At least the car is significantly safer than before, lifting its game with a five-star safety rating owing to those additional airbags and its beefed-p chassis. But buyers considering the model should do their homework carefully, as those new airbags and tougher underpinnings are only available in single-cab ute form, and not in four-door or troop-carrier variants.

It’s also important to note that Toyota saw fit to remove the previous model’s limited-slip differential, believing instead that its traction control system does a better job of helping drivers stay in charge.

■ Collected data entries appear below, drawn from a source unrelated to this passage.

(* Let $X$ be a finite set with $|X|\ge 2$, $f:2^X\to\mathbb{R}_{\ge0}$ a normalized monotone submodular function possessing supermodularity of conditioning with $f(x)>0$ for all $x\in X$, and $n\le|X|$ a positive integer. Let $x_1,\dots,x_n$ be produced by the pessimistic algorithm: $S_0=\emptyset$ and for $i=1,\dots,n$, $x_i\in\arg\max_{x\in X\setminus S_{i-1}}\underline f(x\mid S_{i-1})$, $S_i=S_{i-1}\cup\{x_i\}$. Then for $i\in\{1,2\}$ (with $i\le n$), $f(x_i\mid S_{i-1})=\max_{x\in X\setminus S_{i-1}}f(x\mid S_{i-1})$, and for every $3\le i\le n$, \[ f(x_i\mid S_{i-1})\ \ge\ \big(1-\min\{(i-1)\tau_2,1\}\big)\max_{x\in X\setminus S_{i-1}} f(x\mid S_{i-1}). \] That is, the factors $\alpha_i=1$ for $i\le2$ and $\alpha_i=1/(1-\min\{(i-1)\tau_2,1\})$ for $i>2$ (with $\alpha_i=\infty$ when $(i-1)\tau_2\ge1$) satisfy $\alpha_i f(x_i\mid S_{i-1})\ge\max_{x\in X\setminus S_{i-1}}f(x\mid S_{i-1})$.
   Context: $f(x\mid A):=f(A\cup\{x\})-f(A)$, $f(x):=f(\{x\})$, $f(x\mid y):=f(x\mid\{y\})$. Pairwise lower estimate: $\underline f(x\mid S):=f(x)-\sum_{y\in S}(f(x)-f(x\mid y))$. 2-cardinality curvature: $\tau_2:=1-\min_{x\in X,\ y\in X\setminus\{x\}} f(x\mid y)/f(x)$. Supermodularity of conditioning: for all $S\subseteq X$, $A\subseteq B\subseteq X$, $C\subseteq X\setminus B$, $f(S\mid A)-f(S\mid A\cup C)\ge f(S\mid B)-f(S\mid B\cup C)$, where $f(T\mid A):=f(A\cup T)-f(A)$. *)

theory Defs
  imports "HOL-Analysis.Analysis"
begin

definition marg :: "('a set \<Rightarrow> real) \<Rightarrow> 'a \<Rightarrow> 'a set \<Rightarrow> real" where
  "marg f x A = f (A \<union> {x}) - f A"

definition cond :: "('a set \<Rightarrow> real) \<Rightarrow> 'a set \<Rightarrow> 'a set \<Rightarrow> real" where
  "cond f T A = f (A \<union> T) - f A"

definition lower_est :: "('a set \<Rightarrow> real) \<Rightarrow> 'a \<Rightarrow> 'a set \<Rightarrow> real" where
  "lower_est f x S = f {x} - (\<Sum>y\<in>S. f {x} - marg f x {y})"

definition tau2 :: "('a set \<Rightarrow> real) \<Rightarrow> 'a set \<Rightarrow> real" where
  "tau2 f X = 1 - Min {marg f x {y} / f {x} | x y. x \<in> X \<and> y \<in> X - {x}}"

definition normalized :: "('a set \<Rightarrow> real) \<Rightarrow> bool" where
  "normalized f \<longleftrightarrow> f {} = 0"

definition monotone_set_fun :: "'a set \<Rightarrow> ('a set \<Rightarrow> real) \<Rightarrow> bool" where
  "monotone_set_fun X f \<longleftrightarrow> (\<forall>A B. A \<subseteq> B \<and> B \<subseteq> X \<longrightarrow> f A \<le> f B)"

definition submodular :: "'a set \<Rightarrow> ('a set \<Rightarrow> real) \<Rightarrow> bool" where
  "submodular X f \<longleftrightarrow> (\<forall>A B. A \<subseteq> X \<and> B \<subseteq> X \<longrightarrow> f (A \<union> B) + f (A \<inter> B) \<le> f A + f B)"

definition supermodular_conditioning :: "'a set \<Rightarrow> ('a set \<Rightarrow> real) \<Rightarrow> bool" where
  "supermodular_conditioning X f \<longleftrightarrow>
     (\<forall>S A B C. S \<subseteq> X \<and> A \<subseteq> B \<and> B \<subseteq> X \<and> C \<subseteq> X - B \<longrightarrow>
        cond f S A - cond f S (A \<union> C) \<ge> cond f S B - cond f S (B \<union> C))"

definition prefix_set :: "(nat \<Rightarrow> 'a) \<Rightarrow> nat \<Rightarrow> 'a set" where
  "prefix_set xs i = xs ` {1..i}"

end

theory Submission
  imports Defs
begin

text \<open>Supermodularity of conditioning says that the loss in the gain of x caused by one more
element y only shrinks as the conditioning set grows; summing these losses over S shows that the
pairwise estimate never overshoots the true gain. Every pairwise loss f(x) - f(x | y) is at most
\<open>\<tau>\<^sub>2 f(x)\<close>, so the estimate of any candidate is at least \<open>(1 - |S| \<tau>\<^sub>2)\<close> times its
singleton value, which by submodularity dominates its true gain. Hence the element maximising
the estimate has true gain at least \<open>(1 - |S| \<tau>\<^sub>2)\<close> times the best true gain; for
\<open>|S| \<le> 1\<close> the estimate is exact.\<close>

lemma lower_est_le_marg:
  assumes "finite A" "A \<subseteq> X" "x \<in> X"
    and norm: "normalized f" and supcond: "supermodular_conditioning X f"
  shows "lower_est f x A \<le> marg f x A"
  using assms(1,2)
proof (induction A rule: finite_induct)
  case empty
  then show ?case using norm by (simp add: lower_est_def marg_def normalized_def)
next
  case (insert y A)
  have "{x} \<subseteq> X" "{} \<subseteq> A" "A \<subseteq> X" "{y} \<subseteq> X - A"
    using \<open>x \<in> X\<close> insert.hyps(2) insert.prems by auto
  then have "cond f {x} A - cond f {x} (A \<union> {y}) \<le> cond f {x} {} - cond f {x} ({} \<union> {y})"
    using supcond unfolding supermodular_conditioning_def by blast
  then have "marg f x A - marg f x (insert y A) \<le> f {x} - marg f x {y}"
    using norm by (simp add: cond_def marg_def normalized_def insert_commute Un_commute)
  moreover have "lower_est f x (insert y A) = lower_est f x A - (f {x} - marg f x {y})"
    using insert.hyps by (simp add: lower_est_def)
  ultimately show ?case using insert.IH insert.prems by simp
qed

lemma marg_le_singleton:
  assumes "x \<in> X" "A \<subseteq> X" "x \<notin> A" and norm: "normalized f" and submod: "submodular X f"
  shows "marg f x A \<le> f {x}"
proof -
  have "f (A \<union> {x}) + f (A \<inter> {x}) \<le> f A + f {x}"
    using submod assms(1,2) unfolding submodular_def by blast
  moreover have "A \<inter> {x} = {}" using \<open>x \<notin> A\<close> by auto
  ultimately show ?thesis using norm by (simp add: marg_def normalized_def)
qed

lemma marg_nonneg:
  assumes "x \<in> X" "A \<subseteq> X" and mono: "monotone_set_fun X f"
  shows "marg f x A \<ge> 0"
proof -
  have "A \<subseteq> A \<union> {x}" "A \<union> {x} \<subseteq> X" using assms(1,2) by auto
  then show ?thesis using mono unfolding monotone_set_fun_def marg_def by auto
qed

lemma lower_est_eq_marg:
  assumes "finite S" "card S \<le> 1" and norm: "normalized f"
  shows "lower_est f x S = marg f x S"
proof -
  consider "S = {}" | z where "S = {z}"
    using assms(1,2) by (metis One_nat_def card_le_Suc0_iff_eq empty_iff insertI1 subsetI subset_singletonD)
  then show ?thesis
    by cases (use norm in \<open>simp_all add: lower_est_def marg_def normalized_def\<close>)
qed

lemma finite_pair_ratios:
  assumes "finite X"
  shows "finite {marg f x {y} / f {x} | x y. x \<in> X \<and> y \<in> X - {x}}"
proof -
  have "{marg f x {y} / f {x} | x y. x \<in> X \<and> y \<in> X - {x}}
        \<subseteq> (\<lambda>(x, y). marg f x {y} / f {x}) ` (X \<times> X)"
    by auto
  then show ?thesis using assms by (meson finite_SigmaI finite_imageI finite_subset)
qed

lemma marg_pair_ge_curvature:
  assumes "finite X" "x \<in> X" "y \<in> X" "x \<noteq> y" and pos: "\<forall>x\<in>X. f {x} > 0"
  shows "(1 - tau2 f X) * f {x} \<le> marg f x {y}"
proof -
  have "Min {marg f x {y} / f {x} | x y. x \<in> X \<and> y \<in> X - {x}} \<le> marg f x {y} / f {x}"
    by (rule Min_le[OF finite_pair_ratios[OF \<open>finite X\<close>]]) (use assms in blast)
  then show ?thesis using pos \<open>x \<in> X\<close> by (simp add: tau2_def pos_le_divide_eq)
qed

lemma tau2_nonneg:
  assumes "finite X" "card X \<ge> 2" and pos: "\<forall>x\<in>X. f {x} > 0"
    and norm: "normalized f" and submod: "submodular X f"
  shows "tau2 f X \<ge> 0"
proof -
  obtain x y where xy: "x \<in> X" "y \<in> X" "x \<noteq> y"
    using assms(1,2) card_le_Suc0_iff_eq[OF \<open>finite X\<close>] by (metis not_less_eq_eq numeral_2_eq_2)
  have "Min {marg f x {y} / f {x} | x y. x \<in> X \<and> y \<in> X - {x}} \<le> marg f x {y} / f {x}"
    by (rule Min_le[OF finite_pair_ratios[OF \<open>finite X\<close>]]) (use xy in blast)
  moreover have "marg f x {y} \<le> f {x}"
    using marg_le_singleton[OF \<open>x \<in> X\<close> _ _ norm submod, of "{y}"] xy by auto
  then have "marg f x {y} / f {x} \<le> 1" using pos xy by simp
  ultimately show ?thesis by (simp add: tau2_def)
qed

lemma lower_est_ge_curvature:
  assumes "finite X" "S \<subseteq> X" "y \<in> X - S" and pos: "\<forall>x\<in>X. f {x} > 0"
  shows "(1 - real (card S) * tau2 f X) * f {y} \<le> lower_est f y S"
proof -
  have "(\<Sum>z\<in>S. f {y} - marg f y {z}) \<le> (\<Sum>z\<in>S. tau2 f X * f {y})"
  proof (rule sum_mono)
    fix z assume "z \<in> S"
    then have "(1 - tau2 f X) * f {y} \<le> marg f y {z}"
      using marg_pair_ge_curvature[OF \<open>finite X\<close>, of y z] assms by blast
    then show "f {y} - marg f y {z} \<le> tau2 f X * f {y}" by (simp add: algebra_simps)
  qed
  then show ?thesis by (simp add: lower_est_def algebra_simps)
qed

lemma pessimistic_step_exact:
  assumes "finite X" "finite S" "card S \<le> 1" "x \<in> X - S" and norm: "normalized f"
    and best: "\<forall>y\<in>X - S. lower_est f y S \<le> lower_est f x S"
  shows "marg f x S = Max {marg f y S | y. y \<in> X - S}"
proof -
  have "{marg f y S | y. y \<in> X - S} = (\<lambda>y. marg f y S) ` (X - S)" by blast
  then show ?thesis
    using best assms(4) \<open>finite X\<close> lower_est_eq_marg[OF assms(2,3) norm]
    by (intro sym[OF Max_eqI]) auto
qed

lemma pessimistic_step_bound:
  assumes finX: "finite X" "card X \<ge> 2" and "S \<subseteq> X" "card S \<le> k" "x \<in> X - S"
    and norm: "normalized f" and mono: "monotone_set_fun X f" and submod: "submodular X f"
    and supcond: "supermodular_conditioning X f" and pos: "\<forall>x\<in>X. f {x} > 0"
    and best: "\<forall>y\<in>X - S. lower_est f y S \<le> lower_est f x S"
  shows "(1 - min (real k * tau2 f X) 1) * Max {marg f y S | y. y \<in> X - S} \<le> marg f x S"
proof -
  have gains: "{marg f y S | y. y \<in> X - S} = (\<lambda>y. marg f y S) ` (X - S)" by blast
  moreover have "Max ((\<lambda>y. marg f y S) ` (X - S)) \<in> (\<lambda>y. marg f y S) ` (X - S)"
    using \<open>finite X\<close> \<open>x \<in> X - S\<close> by (intro Max_in) auto
  ultimately obtain y where y: "y \<in> X - S"
    and max_y: "Max {marg f y S | y. y \<in> X - S} = marg f y S"
    by auto
  show ?thesis
  proof (cases "real k * tau2 f X \<ge> 1")
    case True
    then show ?thesis using marg_nonneg[of x X S f] assms by simp
  next
    case False
    let ?c = "1 - real k * tau2 f X"
    have "?c * marg f y S \<le> ?c * f {y}"
      using False marg_le_singleton[of y X S f] y assms by (intro mult_left_mono) auto
    also have "\<dots> \<le> (1 - real (card S) * tau2 f X) * f {y}"
      using tau2_nonneg[OF finX pos norm submod] pos y \<open>card S \<le> k\<close>
      by (intro mult_right_mono) (auto intro: mult_right_mono)
    also have "\<dots> \<le> lower_est f y S"
      using lower_est_ge_curvature[OF \<open>finite X\<close> \<open>S \<subseteq> X\<close> y pos] .
    also have "\<dots> \<le> lower_est f x S" using best y by blast
    also have "\<dots> \<le> marg f x S"
      using lower_est_le_marg[OF _ \<open>S \<subseteq> X\<close> _ norm supcond] \<open>x \<in> X - S\<close> \<open>S \<subseteq> X\<close>
        \<open>finite X\<close> finite_subset by blast
    finally show ?thesis using False max_y by simp
  qed
qed

lemma prefix_set_subset:
  assumes "\<forall>i\<in>{1..n}. xs i \<in> X - prefix_set xs (i - 1)" "i \<le> n"
  shows "prefix_set xs (i - 1) \<subseteq> X"
  using assms unfolding prefix_set_def by fastforce

lemma card_prefix_set: "card (prefix_set xs i) \<le> i"
  unfolding prefix_set_def using card_image_le[of "{1..i}" xs] by simp

theorem theorem5:
  fixes X :: "'a set" and f :: "'a set \<Rightarrow> real" and n :: nat and xs :: "nat \<Rightarrow> 'a"
  assumes finX: "finite X" and cardX: "card X \<ge> 2"
    and nonneg: "\<forall>A. A \<subseteq> X \<longrightarrow> f A \<ge> 0"
    and norm: "normalized f"
    and mono: "monotone_set_fun X f"
    and submod: "submodular X f"
    and supcond: "supermodular_conditioning X f"
    and pos: "\<forall>x\<in>X. f {x} > 0"
    and n_pos: "n \<ge> 1" and n_le: "n \<le> card X"
    and alg_mem: "\<forall>i\<in>{1..n}. xs i \<in> X - prefix_set xs (i - 1)"
    and alg_max: "\<forall>i\<in>{1..n}. \<forall>y\<in>X - prefix_set xs (i - 1).
                    lower_est f y (prefix_set xs (i - 1)) \<le> lower_est f (xs i) (prefix_set xs (i - 1))"
  shows "(\<forall>i\<in>{1,2}. i \<le> n \<longrightarrow>
            marg f (xs i) (prefix_set xs (i - 1))
              = Max {marg f y (prefix_set xs (i - 1)) | y. y \<in> X - prefix_set xs (i - 1)})
       \<and> (\<forall>i. 3 \<le> i \<and> i \<le> n \<longrightarrow>
            marg f (xs i) (prefix_set xs (i - 1))
              \<ge> (1 - min (real (i - 1) * tau2 f X) 1)
                 * Max {marg f y (prefix_set xs (i - 1)) | y. y \<in> X - prefix_set xs (i - 1)})"
proof (intro conjI ballI allI impI)
  fix i :: nat assume "i \<in> {1, 2}" "i \<le> n"
  then have "i \<in> {1..n}" by auto
  moreover have "card (prefix_set xs (i - 1)) \<le> 1"
    using card_prefix_set[of xs "i - 1"] \<open>i \<in> {1, 2}\<close> by auto
  ultimately show "marg f (xs i) (prefix_set xs (i - 1))
              = Max {marg f y (prefix_set xs (i - 1)) | y. y \<in> X - prefix_set xs (i - 1)}"
    using alg_mem alg_max
    by (intro pessimistic_step_exact[OF finX _ _ _ norm]) (auto simp: prefix_set_def)
next
  fix i :: nat assume "3 \<le> i \<and> i \<le> n"
  then have "i \<in> {1..n}" by auto
  then show "marg f (xs i) (prefix_set xs (i - 1))
              \<ge> (1 - min (real (i - 1) * tau2 f X) 1)
                 * Max {marg f y (prefix_set xs (i - 1)) | y. y \<in> X - prefix_set xs (i - 1)}"
    using alg_mem alg_max
    by (intro pessimistic_step_bound[OF finX cardX prefix_set_subset[OF alg_mem] card_prefix_set
        _ norm mono submod supcond pos]) auto
qed

end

An electronic rear differential lock is available as a $1500 option on all but the GXL (where it is standard kit), as is air-conditioning ($2761) and metallic paint ($550).



Warranty: Three years/100,000km

Servicing: Capped at $340 per service every six months or 10,000 kilometres (whichever occurs first) for the first three years of ownership.



Toyota assures us that the 70-Series will be here for many years to come, which is likely to be until the Federal Government mandates stricter Euro6 emissions requirements that may prove challenging for the ‘Cruiser’s diesel donk.

Now that Land Rover’s Defender has ceased production, there’s nothing else in new car showrooms quite like Toyota’s classic four-wheel-drive. While Jeep’s Wrangler offers a touch of retro rugged appeal, buyers are more likely to cross-shop the iconic pick-up with four-wheel-drive utes such as Toyota’s best-selling HiLux.



This is a divisive vehicle – you either get it, or you don’t. It’s a default choice in some regions because of its simple hardware, familiarity and reputation as a go-anywhere machine.

Toyota’s investment to keep the LandCruiser 70-Series on sale is to be commended, as are its efforts to make it a safer proposition (even if that only applies to single-cab models).

The running changes help keep the LandCruiser relevant to outback Australia, where it will continue to lurk in the bush with the immense respect of outback drivers.